Weight lifters often put an emphasis on targeting the larger muscle groups of the upper extremity (deltoids, pecs, trapezius), but often neglect the RC muscles. This can create an imbalance of strength between the global muscles and local stabilizing muscles of the shoulder. This miss match, in combination with repetitive loading, biased exercise selection, and training errors precipitate RC tendinopathy.
Our main goal is to always keep our athletes in their sport/activity during rehab whenever possible. However, depending on the intensity, irritability and duration of symptoms, a short period of time off from weight lifting may be necessary to offload the tendons. This offloading phase is closely followed by a gradual graded tendon loading program and eventual return to weight lifting. Upon return to weight training there are important modifications to consider to reduce the risk of re-injury.

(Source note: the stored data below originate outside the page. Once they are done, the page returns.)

(* Under the setting and assumptions described in the context: if $\beta=0$, then $\Phi(r)\asymp\phi_1(r)\mathbf 1_{\{a_0=0\}}+r^2\mathbf 1_{\{a_0>0\}}$ for $r\in(0,1]$ and $\Phi(r)\asymp\phi_1(r)$ for $r\ge1$; if $\beta\in(0,\infty]$, then $\Phi(r)\asymp\phi_1(r)\mathbf 1_{\{a_0=0\}}+r^2\mathbf 1_{\{a_0>0\}}$ for $r\in(0,1]$ and $\Phi(r)\asymp r^2$ for $r\ge1$. Here $f\asymp g$ on a set means there is a constant $c\ge1$ with $c^{-1}g\le f\le cg$ there.
   Context: Let $d\ge1$ and let $X$ be a symmetric Lévy process on $\mathbb R^d$ with Lévy exponent $\Psi(\xi)=\sum_{i,j=1}^d a_{ij}\xi_i\xi_j+\int_{\mathbb R^d}(1-\cos(\xi\cdot y))J(y)\,dy$ (i.e. $\mathbb E_x[e^{i\xi\cdot(X_t-X_0)}]=e^{-t\Psi(\xi)}$), $A=(a_{ij})$ constant symmetric nonnegative definite, $J\ge0$ symmetric on $\mathbb R^d\setminus\{0\}$ with $\int(1\wedge|z|^2)J(z)dz<\infty$. Put $\Psi^*(r)=\sup_{|z|\le r}\Psi(z)$ and $\Phi(r)=1/\Psi^*(1/r)$ for $r>0$. Assumptions: (UJS) there is $c>0$ with $J(y)\le\frac{c}{r^d}\int_{B(0,r)}J(y-z)dz$ for all $y$ and $0<r\le|y|/2$. $\psi_1$ is increasing on $[0,\infty)$, $\psi_1(r)=1$ for $0<r\le1$, and for constants $0<b_1\le b_2$, $0<\gamma_1\le\gamma_2$, $\beta\in[0,\infty]$: $b_1e^{\gamma_1r^\beta}\le\psi_1(r)\le b_2e^{\gamma_2r^\beta}$ for $r>1$ (for $\beta=\infty$: $\psi_1(r)=\infty$ for $r>1$, $1/\infty=0$). $\phi_1$ is strictly increasing on $[0,\infty)$, $\phi_1(0)=0$, $\phi_1(1)=1$, and $a_3(R/r)^{\beta_1}\le\phi_1(R)/\phi_1(r)\le a_4(R/r)^{\beta_2}$ for $0<r<R$, with constants $a_3,a_4>0$, $0<\beta_1\le\beta_2<2$. There are $\gamma\ge1$, $\kappa_1,\kappa_2>0$, $a_0\ge0$ with $\gamma^{-1}a_0|\xi|^2\le\sum a_{ij}\xi_i\xi_j\le\gamma a_0|\xi|^2$ and $\gamma^{-1}\frac1{|x|^d\phi_1(|x|)\psi_1(\kappa_2|x|)}\le J(x)\le\gamma\frac1{|x|^d\phi_1(|x|)\psi_1(\kappa_1|x|)}$ for $x\ne0$. *)

theory Defs
  imports "HOL-Analysis.Analysis" "HOL-Library.Extended_Real"
begin

definition levy_exponent :: "real^'n^'n \<Rightarrow> (real^'n \<Rightarrow> real) \<Rightarrow> real^'n \<Rightarrow> real" where
  "levy_exponent A J \<xi> = \<xi> \<bullet> (A *v \<xi>) + (\<integral>y. (1 - cos (\<xi> \<bullet> y)) * J y \<partial>lborel)"

definition Psi_star :: "real^'n^'n \<Rightarrow> (real^'n \<Rightarrow> real) \<Rightarrow> real \<Rightarrow> real" where
  "Psi_star A J r = (SUP z\<in>{z::real^'n. norm z \<le> r}. levy_exponent A J z)"

definition Phi_fun :: "real^'n^'n \<Rightarrow> (real^'n \<Rightarrow> real) \<Rightarrow> real \<Rightarrow> real" where
  "Phi_fun A J r = 1 / Psi_star A J (1 / r)"

end

theory Submission
  imports Defs
begin

(* Psi_star is comparable to a0 \<rho>\<^sup>2 plus the truncated second moment
   G(\<rho>) = \<integral> min(1, \<rho>\<^sup>2 |y|\<^sup>2) J(y) dy.  The upper bound follows from 1 - cos t \<le> min(2, t\<^sup>2/2);
   the lower bound from testing the exponent in the coordinate directions on one annulus
   {t/2 < |y| \<le> t}, where J is bounded below by its density, since 1 - cos t \<ge> t\<^sup>2/4 for |t| \<le> 1
   and the squared coordinates add up to |y|\<^sup>2.
   Decomposing G into dyadic annuli and using the weak scaling of \<phi>1 gives G(1/s) \<lesssim> 1/\<phi>1(s):
   the inner annuli form a geometric series because \<beta>2 < 2, the outer ones because \<beta>1 > 0.
   If \<beta> > 0 the kernel decays faster than any power at infinity, so J has a finite second
   moment and G(\<rho>) \<lesssim> \<rho>\<^sup>2.  As \<phi>1(r) \<lesssim> r\<^sup>2 on (0,1] and r\<^sup>2 \<lesssim> \<phi>1(r) on [1,\<infinity>), the dominant
   term in each regime yields the comparability of Phi(r) = 1 / Psi_star(1/r). *)

lemma one_minus_cos_le: "1 - cos (t::real) \<le> t\<^sup>2 / 2"
proof -
  have "cos t = 1 - 2 * (sin (t/2))\<^sup>2" using cos_double_sin[of "t/2"] by simp
  moreover have "(sin (t/2))\<^sup>2 \<le> (t/2)\<^sup>2"
    using abs_sin_x_le_abs_x[of "t/2"] by (metis abs_le_square_iff)
  ultimately show ?thesis by (simp add: power_divide)
qed

lemma one_minus_cos_ge:
  assumes "\<bar>t\<bar> \<le> (1::real)" shows "t\<^sup>2 / 4 \<le> 1 - cos t"
proof -
  let ?u = "\<bar>t\<bar>/2"
  have u: "0 \<le> ?u" "?u \<le> 1/2" using assms by auto
  have "\<bar>sin ?u - (\<Sum>m<3. sin_coeff m * ?u ^ m)\<bar> \<le> inverse (fact 3) * \<bar>?u\<bar> ^ 3"
    by (rule Maclaurin_sin_bound)
  moreover have "(\<Sum>m<3. sin_coeff m * ?u ^ m) = ?u"
    by (simp add: eval_nat_numeral sin_coeff_Suc cos_coeff_Suc)
  ultimately have "\<bar>sin ?u - ?u\<bar> \<le> ?u^3/6" by (simp add: fact_numeral)
  hence "?u - ?u^3/6 \<le> sin ?u" by linarith
  moreover have "?u^3 \<le> ?u * (1/4)"
    using u mult_left_mono[OF power_mono[OF u(2) u(1), of 2] u(1)]
    by (simp add: power3_eq_cube power2_eq_square)
  ultimately have "?u * (23/24) \<le> sin ?u" by simp
  hence "(?u * (23/24))\<^sup>2 \<le> (sin ?u)\<^sup>2" using u by (intro power_mono) auto
  moreover have "cos t = 1 - 2 * (sin ?u)\<^sup>2"
    using cos_double_sin[of "?u"] by (cases "t \<ge> 0") (auto simp: abs_if)
  moreover have "t\<^sup>2/4 \<le> 2 * (?u * (23/24))\<^sup>2" by (simp add: power_mult_distrib power_divide)
  ultimately show ?thesis by linarith
qed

We will use the bench press for example. Modifying the hand spacing and grip when returning to bench press from RC injury are instrumental in reducing the risk of re-injury. Hand spacing should be no wider than 1.5x the biacromial width (AC joint to AC joint). The narrower hand space reduces the peak shoulder torque and therefore reduces the RC and biceps tendon stabilization requirements of humeral head stabilization3,4. The narrower hand space also allows for a shoulder abduction angle less than 45 degrees and extension less than 15 degrees. These modified angles put the pec major and biceps brachii at a mechanical advantage resulting in less stress on the RC and distal clavicle3.
In addition to hand spacing, grip type is also an important consideration in the return to lifting. The underhand grip (supination) rotates one of the RC tendons, supraspinatus (SSp), out from under the acromion, reducing the risk of impingement during the pressing motion. Whereas the overhand (pronated) grip draws the long head bicep tendon out from under the acromion but places the SSp under the acromion5.
As you can see from the literature, simple consideration of hand spacing and grip type can be instrumental in the successful return to lifting of an athlete dealing with rotator cuff tendinopathy/shoulder impingement.
Anterior Shoulder Instability
An athlete may develop anterior shoulder instability as a result of previous shoulder dislocations/subluxations or a gradual insidious onset. In the athlete with previous shoulder dislocation it should be noted that a conservative management plan may not always be successful. The presence of a bony lesion to the humeral head called a Hill-sachs lesion or Bankart lesion to the glenohumeral labrum may result in chronic instability of the shoulder joint that will result in discomfort and disability under high loads. Surgery may be indicated for this individual if their goal is to continue to lift heavy weights.
The lifter with anterior shoulder instability will present with poorly localized pain in the ‘high five’ position under load and commonly has an athletic history of overhead sports (volleyball, tennis, baseball, swimming) or previous shoulder dislocation/subluxations.
The ‘high five’ position refers to the position of the shoulder when high fiving another individual. In this position the shoulder is placed in 90 degrees of shoulder abduction and 90 degrees of shoulder external rotation. This is considered a high-risk position for individuals with anterior shoulder instability as it puts stress on the main passive primary stabilizer of the shoulder, the inferior glenohumeral ligament (IGHL)6.